Australia must ensure that COVID-era inflation remains “temporary”, the Reserve Bank of Australia (RBA) Governor Philip Lowe said today – a comment he prefaced by stating inflation is here to stay until 2025.

“If high inflation were to become entrenched in people’s expectations, it would be very costly to reduce later, involving even higher interest rates and a larger rise in unemployment,” Lowe told attendees at the Australian Conference for Economists today.

“The Board is resolute in its determination to return inflation to target within a reasonable timeframe and will do what is necessary.”

The RBA also announced a change in its meeting schedule, transitioning from 11 meetings to eight meetings per year, similar to the model used by the US Federal Reserve. Each Australian conference will be accompanied by a mandatory press release.

Crucially, Lowe mentioned today that inflation is projected to reach the “top of the target band” (3 per cent) by mid-2025.

“It is a complex picture and there are significant uncertainties … the Board decided that … it was appropriate to hold interest rates steady this month and re-examine the situation next month,” Lowe said.

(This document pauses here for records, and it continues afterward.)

(* For relatively prime integers $r, s$ put $u = r^2 + s^2$, $v = 2r^2 - s^2$ and $A = uv(u^2 - v^2) = -3r^2(r^2+s^2)(r^2-2s^2)(2r^2-s^2)$. Then for all but finitely many pairs $(r,s)$ of relatively prime integers with $r \neq 0$, the eight rational numbers \[ 1,\ -1,\ A,\ -A,\ uv,\ -uv,\ u^2 - v^2,\ -(u^2-v^2) \] represent eight pairwise distinct classes in $\mathbb{Q}^\times/(\mathbb{Q}^\times)^2$.
   Context: $\mathbb{Q}^\times/(\mathbb{Q}^\times)^2$ denotes the group of nonzero rationals modulo nonzero squares; two nonzero rationals represent the same class iff their quotient is a square of a rational. *)

theory Defs
  imports Complex_Main
begin

definition same_sq_class :: "rat \<Rightarrow> rat \<Rightarrow> bool" where
  "same_sq_class a b \<longleftrightarrow> a \<noteq> 0 \<and> b \<noteq> 0 \<and> (\<exists>q::rat. a / b = q ^ 2)"

definition sq_u :: "int \<Rightarrow> int \<Rightarrow> int" where "sq_u r s = r^2 + s^2"
definition sq_v :: "int \<Rightarrow> int \<Rightarrow> int" where "sq_v r s = 2 * r^2 - s^2"
definition sq_A :: "int \<Rightarrow> int \<Rightarrow> int" where
  "sq_A r s = sq_u r s * sq_v r s * ((sq_u r s)^2 - (sq_v r s)^2)"

definition eight_list :: "int \<Rightarrow> int \<Rightarrow> rat list" where
  "eight_list r s = (let u = sq_u r s; v = sq_v r s; A = sq_A r s in
     map rat_of_int [1, -1, A, -A, u*v, -(u*v), u^2 - v^2, -(u^2 - v^2)])"

definition eight_distinct_classes :: "int \<Rightarrow> int \<Rightarrow> bool" where
  "eight_distinct_classes r s \<longleftrightarrow>
     (\<forall>i<8. eight_list r s ! i \<noteq> 0) \<and>
     (\<forall>i<8. \<forall>j<8. i \<noteq> j \<longrightarrow> \<not> same_sq_class (eight_list r s ! i) (eight_list r s ! j))"

end

theory Submission
  imports Defs "HOL-Computational_Algebra.Nth_Powers"
begin

text \<open>Put \<open>w = 3(2s\<^sup>2 - r\<^sup>2)\<close>, so that \<open>u\<^sup>2 - v\<^sup>2 = r\<^sup>2 w\<close> and \<open>A = r\<^sup>2 w uv\<close>. Modulo squares the
  eight numbers are then the products of subsets of \<open>{-1, uv, w}\<close>, and they are pairwise distinct
  as soon as none of \<open>\<plusminus>uv, \<plusminus>w, \<plusminus>w uv\<close> is a square. For \<open>\<plusminus>w\<close> this is seen modulo 3, since
  \<open>3 | r\<^sup>2 + s\<^sup>2\<close> forces \<open>3 | r\<close> and \<open>3 | s\<close>. The others are \<open>2\<close> or \<open>3\<close> modulo 4, depending on
  the parities of \<open>r\<close> and \<open>s\<close>, except \<open>-uv = (r\<^sup>2 + s\<^sup>2)(s\<^sup>2 - 2r\<^sup>2)\<close> for even \<open>r\<close>. There
  both coprime factors would be squares, and parametrising \<open>s\<^sup>2 - 2r\<^sup>2 = b\<^sup>2\<close> turns
  \<open>r\<^sup>2 + s\<^sup>2 = a\<^sup>2\<close> into a solution of \<open>(2mn)\<^sup>2 + (n\<^sup>2 + 2m\<^sup>2)\<^sup>2 = c\<^sup>2\<close>, which admits an
  infinite descent on \<open>|m|\<close>. So the exceptional set is in fact empty.\<close>

section \<open>Squares and coprime factorisations of integers\<close>

lemma coprime_mult_eq_power_int:
  fixes x y z :: int
  assumes "coprime x y" "x > 0" "y > 0" "x * y = z ^ k"
  obtains a b where "x = a ^ k" "y = b ^ k"
proof -
  have coprime_nat: "coprime (nat x) (nat y)"
    using assms by (simp add: coprime_int_iff [symmetric])
  have "x * y = \<bar>z\<bar> ^ k"
    using assms by (metis abs_of_pos mult_pos_pos power_abs)
  then have "int (nat x * nat y) = int (nat \<bar>z\<bar> ^ k)"
    using assms by simp
  then have "is_nth_power k (nat x * nat y)"
    by (simp only: of_nat_eq_iff) auto
  then have "is_nth_power k (nat x)" "is_nth_power k (nat y)"
    using is_nth_power_mult_coprime_natD [OF coprime_nat] assms by auto
  then obtain a b where "nat x = a ^ k" "nat y = b ^ k"
    unfolding is_nth_power_def by blast
  with assms show thesis
    using that [of "int a" "int b"] by (metis of_nat_power int_nat_eq less_le_not_le)
qed

lemma is_square_of_int_ratD:
  assumes "is_square (of_int n :: rat)"
  shows "is_square n"
proof -
  obtain q :: rat where "of_int n = q ^ 2"
    using assms unfolding is_nth_power_def by blast
  moreover obtain a b where q: "q = of_int a / of_int b" and "b > 0" "coprime a b"
    by (cases q) (auto simp: Fract_of_int_quotient)
  ultimately have "of_int (n * b ^ 2) = (of_int (a ^ 2) :: rat)"
    by (simp add: power_divide)
  then have n: "n * b ^ 2 = a ^ 2"
    by (simp only: of_int_eq_iff)
  then have "b dvd a ^ 2"
    by (metis dvd_triv_right power2_eq_square dvd_mult_left)
  moreover have "coprime b (a ^ 2)"
    using \<open>coprime a b\<close> by (simp add: coprime_commute)
  ultimately have "is_unit b"
    by (meson coprime_absorb_left)
  with \<open>b > 0\<close> n show ?thesis
    by auto
qed

lemma square_mod_4: "(t::int)^2 mod 4 = 0 \<or> t^2 mod 4 = 1"
proof (cases "even t")
  case True
  then show ?thesis by (auto simp: power2_eq_square)
next
  case False
  then obtain k where "t = 2*k + 1" by (blast elim: oddE)
  then have "t^2 = 4*(k^2 + k) + 1" by (simp add: power2_eq_square algebra_simps)
  then show ?thesis by presburger
qed

lemma odd_square_mod_8:
  assumes "odd (x::int)"
  obtains j where "x^2 = 8*j + 1"
proof -
  obtain k where k: "x = 2*k + 1"
    using assms by (blast elim: oddE)
  obtain j where "k * (k + 1) = 2*j"
    by (metis dvd_def even_mult_iff odd_even_add odd_one)
  then have "x^2 = 8*j + 1"
    by (simp add: k power2_eq_square algebra_simps)
  then show thesis ..
qed

lemma not_square_if_mod_4_eq_3: "(x::int) mod 4 = 3 \<Longrightarrow> \<not> is_square x"
proof
  assume "x mod 4 = 3" "is_square x"
  then obtain t where "x = t^2" "x mod 4 = 3"
    by (auto elim: is_nth_powerE)
  with square_mod_4 [of t] show False by simp
qed

lemma twice_odd_not_square:
  assumes "odd (k::int)"
  shows "\<not> is_square (2 * k)"
proof
  assume "is_square (2 * k)"
  then obtain t where t: "2 * k = t^2"
    by (auto elim: is_nth_powerE)
  then have "even t" by (metis dvd_triv_left even_power)
  then have "4 dvd 2 * k"
    by (auto simp: t power2_eq_square)
  with assms show False by presburger
qed

lemma coprime_imp_not_three_dvd_sum_squares:
  assumes "coprime (x::int) y"
  shows "\<not> 3 dvd x^2 + y^2"
proof
  have square_mod_3: "z^2 mod 3 = (if 3 dvd z then 0 else 1)" for z :: int
  proof -
    have "z mod 3 = 0 \<or> z mod 3 = 1 \<or> z mod 3 = 2" by presburger
    moreover have "z^2 mod 3 = (z mod 3) * (z mod 3) mod 3"
      by (simp add: power2_eq_square mod_mult_eq)
    ultimately show ?thesis by auto
  qed
  assume "3 dvd x^2 + y^2"
  then have "(x^2 mod 3 + y^2 mod 3) mod 3 = 0"
    by (simp add: mod_add_eq)
  then have "3 dvd x" "3 dvd y"
    by (auto simp: square_mod_3 split: if_splits)
  then have "is_unit (3::int)"
    using coprime_common_divisor [OF assms] by blast
  then show False by simp
qed

lemma odd_if_coprime_even:
  fixes r s :: int
  assumes "coprime r s" "even r"
  shows "odd s"
proof
  assume "even s"
  with assms have "is_unit (2::int)"
    by (metis coprime_common_divisor)
  then show False by simp
qed

lemma coprime_if_no_common_prime_divisor:
  fixes a b :: int
  assumes "\<And>p. prime p \<Longrightarrow> p dvd a \<Longrightarrow> p dvd b \<Longrightarrow> False"
  shows "coprime a b"
proof (rule ccontr)
  assume "\<not> coprime a b"
  then have "\<not> is_unit (gcd a b)"
    by (simp add: coprime_iff_gcd_eq_1)
  moreover have "gcd a b \<noteq> 0"
    using assms [of 2] by auto
  ultimately
  obtain p where "prime p" "p dvd gcd a b"
    using prime_divisor_exists by blast
  with assms show False by auto
qed

section \<open>An infinite descent\<close>

lemma coprime_mult_eq_twice_square:
  fixes A B l :: int
  assumes "coprime A B" "A > 0" "B > 0" "A * B = 2 * l^2"
  obtains m n where "A + B = 2*m^2 + n^2" "A * B = 2*m^2*n^2" "coprime m n" "m \<noteq> 0"
proof -
  have split: "\<exists>m n. A + B = 2*m^2 + n^2 \<and> A * B = 2*m^2*n^2 \<and> coprime m n \<and> m \<noteq> 0"
    if "coprime A B" "A > 0" "B > 0" "A * B = 2 * l^2" "even A" for A B
  proof -
    from \<open>even A\<close> obtain A' where A: "A = 2 * A'" by blast
    with that have "coprime A' B" "A' > 0" "A' * B = l^2" by auto
    then obtain m n where "A' = m^2" "B = n^2"
      using \<open>B > 0\<close> coprime_mult_eq_power_int by metis
    with A \<open>coprime A' B\<close> \<open>A' > 0\<close> show ?thesis by auto
  qed
  from assms(4) have "even A \<or> even B" by (metis dvd_triv_left even_mult_iff)
  then show thesis
    using split [OF assms] split [of B A] assms that by (auto simp: ac_simps)
qed

lemma diff_twice_square_eq_square_param:
  fixes a b d :: int
  assumes "odd a" "coprime a d" "d \<noteq> 0" "a^2 - 2*d^2 = b^2"
  obtains m n where "m \<noteq> 0" "odd n" "coprime m n" "d^2 = (2*m*n)^2" "a^2 = (n^2 + 2*m^2)^2"
proof -
  define a' b' where "a' = \<bar>a\<bar>" and "b' = \<bar>b\<bar>"
  have eq: "a'^2 - 2*d^2 = b'^2" and "odd a'" "b' \<ge> 0"
    using assms by (simp_all add: a'_def b'_def)
  have "b'^2 < a'^2"
    using eq \<open>d \<noteq> 0\<close> zero_less_power2 [of d] by linarith
  then have "b' < a'"
    by (rule power_less_imp_less_base) (simp add: a'_def)
  have "odd (a'^2 - 2*d^2)"
    using \<open>odd a'\<close> by simp
  then have "odd b'"
    using eq by simp
  with \<open>odd a'\<close> have "even (a' - b')" "even (a' + b')"
    by simp_all
  then obtain P Q where P: "a' - b' = 2*P" and Q: "a' + b' = 2*Q"
    by (meson evenE)
  with \<open>b' < a'\<close> \<open>b' \<ge> 0\<close> have "P > 0" "Q > 0"
    by linarith+
  have "a' = P + Q"
    using P Q by linarith
  have "4*(P*Q) = (a' - b') * (a' + b')"
    using P Q by simp
  also have "\<dots> = a'^2 - b'^2"
    by (simp add: power2_eq_square algebra_simps)
  finally have d2: "d^2 = 2*(P*Q)"
    using eq by linarith
  then have "even d"
    by (metis dvd_triv_left even_power pos2)
  then obtain e where "d = 2*e" ..
  have "coprime P Q"
  proof (rule coprime_if_no_common_prime_divisor)
    fix p assume p: "prime p" "p dvd P" "p dvd Q"
    then have "p dvd P + Q"
      by simp
    then have "p dvd a"
      using \<open>a' = P + Q\<close> by (metis a'_def dvd_abs_iff)
    moreover have "p dvd d^2"
      using p d2 by simp
    then have "p dvd d"
      using p(1) prime_dvd_power by blast
    ultimately show False
      using p \<open>coprime a d\<close> by (meson coprime_common_divisor not_prime_unit)
  qed
  moreover have "P * Q = 2*e^2"
    using d2 \<open>d = 2*e\<close> by (simp add: power_mult_distrib)
  ultimately obtain m n where mn: "P + Q = 2*m^2 + n^2" "P * Q = 2*m^2*n^2" "coprime m n" "m \<noteq> 0"
    using \<open>P > 0\<close> \<open>Q > 0\<close> coprime_mult_eq_twice_square by metis
  with \<open>a' = P + Q\<close> \<open>odd a'\<close> have "odd n"
    by auto
  moreover have "d^2 = (2*m*n)^2"
    using d2 mn by (simp add: power_mult_distrib)
  moreover have "a^2 = (n^2 + 2*m^2)^2"
    using \<open>a' = P + Q\<close> mn by (metis a'_def power2_abs add.commute)
  ultimately show thesis
    using that mn by blast
qed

Treasurer to decide if RBA boss keeps his job

Lowe’s speech comes at a time when his very job is on the line, given it’s up for review in September.

He has faced controversy and criticism from various sectors of the Australian community in recent years.

At the beginning of the pandemic, he frequently reassured the public that interest rate hikes were far off and that mortgage holders were safe. However, less than two years later, interest rates were rising too quickly for many to handle.

A particularly strong recommendation in a recent review from Canberra proposed stripping the bank of its ability to raise interest rates.

The recommendations were made in an effort to keep pace with how other central banks across the globe operate.